4ª Fase - La Depressione (tristezza, perdita di energia, senso di impotenza)
Il soggetto, ora più presente all’accaduto e alla tristezza ad esso associata, si confronta con
l’intensità del proprio dolore, tocca con mano il senso di vuoto lasciato dalla perdita e si isola dal
mondo. Questa fase, spesso erroneamente confusa con un disagio patologico, rappresenta in
realtà una normale risposta al dolore che, pertanto, va rispettata e assecondata.
5ª Fase - L’Accettazione (resa, distacco emotivo, nuove possibilità)
Il soggetto, accettato il nuovo assetto che ha preso la sua realtà, smette di lottare e, adesso più
lucido ed obiettivo, si arrende all’evidenza dei fatti. Inizia così a riorganizzare la propria vita, a
riallacciare i rapporti, a predisporsi a nuove esperienze, a ritrovare la serenità e, in generale, a
ridare un senso alla propria esistenza. Ovviamente, e questo è un concetto spesso frainteso,
accettare un fatto non significa per forza apprezzarlo o far finta che tutto vada bene. Si tratta,
invece, del riconoscimento consapevole che le cose sono cambiate, che non si può fare nulla per
farle tornare come prima e che, quindi, opporre resistenza significa solo reiterare ad oltranza il
proprio dolore senza dargli la possibilità di sanarsi.

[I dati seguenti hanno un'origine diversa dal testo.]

lemma card_min_blocker_le:
  assumes "hypergraph V E" and k: "2 \<le> k" and "U \<subset> V" and "u0 \<in> U"
    and "cut_val V E U \<le> OPT"
    and "\<And>Q. is_k_partition V k Q \<Longrightarrow> (\<Union>i<k div 2. Q i) \<subset> U \<Longrightarrow> OPT < partition_cost E k Q"
    and S: "removal_blocker V E U u0 S"
    and S_min: "\<And>S'. removal_blocker V E U u0 S' \<Longrightarrow> card S \<le> card S'"
  shows "card S \<le> 2 * k - 3"
proof (rule ccontr)
  assume large: "\<not> card S \<le> 2 * k - 3"
  define m where "m = 2 * k - 2"
  have "S \<subseteq> V" using S assms(3) unfolding removal_blocker_def by blast
  then have "finite S" using assms(1) finite_subset unfolding hypergraph_def by blast
  moreover have "card {..<m} \<le> card S" using large k unfolding m_def by simp
  ultimately obtain s where s: "s ` {..<m} \<subseteq> S" "inj_on s {..<m}"
    using card_le_inj[of "{..<m}" S] by blast
  have "\<forall>i\<in>{..<m}. \<exists>X. removable V E U u0 X \<and> X \<inter> S = {s i}"
    using min_blocker_witness[OF \<open>finite S\<close> S S_min] s(1) by blast
  then obtain W where W: "\<And>i. i < m \<Longrightarrow> removable V E U u0 (W i) \<and> W i \<inter> S = {s i}"
    by (metis bchoice lessThan_iff)
  have cover_S: "cover_count m W v \<le> 1" if "v \<in> S" for v
    using cover_count_le_one[OF s(2) _ that] W by blast
  have "private_part m W i \<noteq> {}" if "i < m" for i
  proof -
    have "s i \<in> W i" "s i \<in> S" using W[OF that] by blast+
    then have "cover_count m W (s i) = 1"
      using cover_S[of "s i"] cover_count_pos[of i m "s i" W] that by linarith
    then show ?thesis unfolding private_part_def using \<open>s i \<in> W i\<close> by blast
  qed
  moreover have "cut_val V E U \<le> cut_val V E (U - level_set m W t)" if "1 \<le> t" for t
  proof (cases "level_set m W t = {}")
    case False
    have "level_set m W t \<subseteq> U - {u0}"
      using level_set_subset[of m W t] W unfolding removable_def by blast
    moreover have "level_set m W t \<inter> S = {}"
      using cover_S that unfolding level_set_def by fastforce
    ultimately show ?thesis
      using cut_val_less_if_avoids_blocker[OF S False] by simp
  qed simp
  ultimately show False
    using no_large_removable_family[OF assms(1-6), of W] W unfolding m_def by auto
qed

theorem theorem5p2:
  fixes V :: "'a set" and E :: "'a set multiset" and k :: nat and U :: "'a set"
  assumes "hypergraph V E"
    and "k \<ge> 2"
    and "minimal_balanced_split V E k U"
    and "u0 \<in> U"
  shows "\<exists>S. S \<subseteq> U - {u0} \<and> card S \<le> 2 * k - 3 \<and>
           unique_min_terminal_cut V E (S \<union> {u0}) (V - U) U"
proof -
  obtain P where P: "min_k_partition V E k P" and U: "U = (\<Union>i<k div 2. P i)"
    using assms(3) unfolding minimal_balanced_split_def balanced_split_def by blast
  have P_part: "is_k_partition V k P" using P unfolding min_k_partition_def by blast
  have "k div 2 < k" using assms(2) by simp
  then have "U \<subset> V" and "cut_val V E U \<le> partition_cost E k P"
    unfolding U by (simp_all add: union_parts_psubset[OF P_part] cut_val_union_parts_le_cost[OF P_part])
  have "removal_blocker V E U u0 (U - {u0})"
    unfolding removal_blocker_def removable_def by blast
  then obtain S where S: "removal_blocker V E U u0 S"
    and S_min: "\<And>S'. removal_blocker V E U u0 S' \<Longrightarrow> card S \<le> card S'"
    using ex_has_least_nat[of "removal_blocker V E U u0" _ card] by metis
  have "card S \<le> 2 * k - 3"
    using card_min_blocker_le[OF assms(1,2) \<open>U \<subset> V\<close> assms(4) \<open>cut_val V E U \<le> _\<close> _ S S_min]
      minimal_balanced_split_cost_less[OF assms(3) P] by blast
  moreover have "unique_min_terminal_cut V E (S \<union> {u0}) (V - U) U"
    using unique_min_terminal_cut_if_blocker[OF S assms(4) \<open>U \<subset> V\<close>] .
  ultimately show ?thesis using S unfolding removal_blocker_def by blast
qed

end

È interessante notare, infine, che le cinque fasi descritte dalla Dott.ssa Kübler-Ross avvengono
anche ogni qualvolta ci troviamo, a livello individuale o collettivo, a dover affrontare e gestire un
cambiamento. Proprio per questo, prendendo spunto dal suo modello di elaborazione del lutto, è
stato formulato un altro modello, conosciuto con il nome di The Change Curve (La Curva del
Cambiamento), che descrive le fasi che i singoli o le organizzazioni attraversano durante i loro
momenti di transizione. Si tratta di un modello che, aiutando a prevedere come reagiranno le
persone di fronte al cambiamento, permette di aiutarle a comprendere quello che sta succedendo
e a offrire loro l’appropriato sostegno per compiere i diversi passaggi del processo in atto.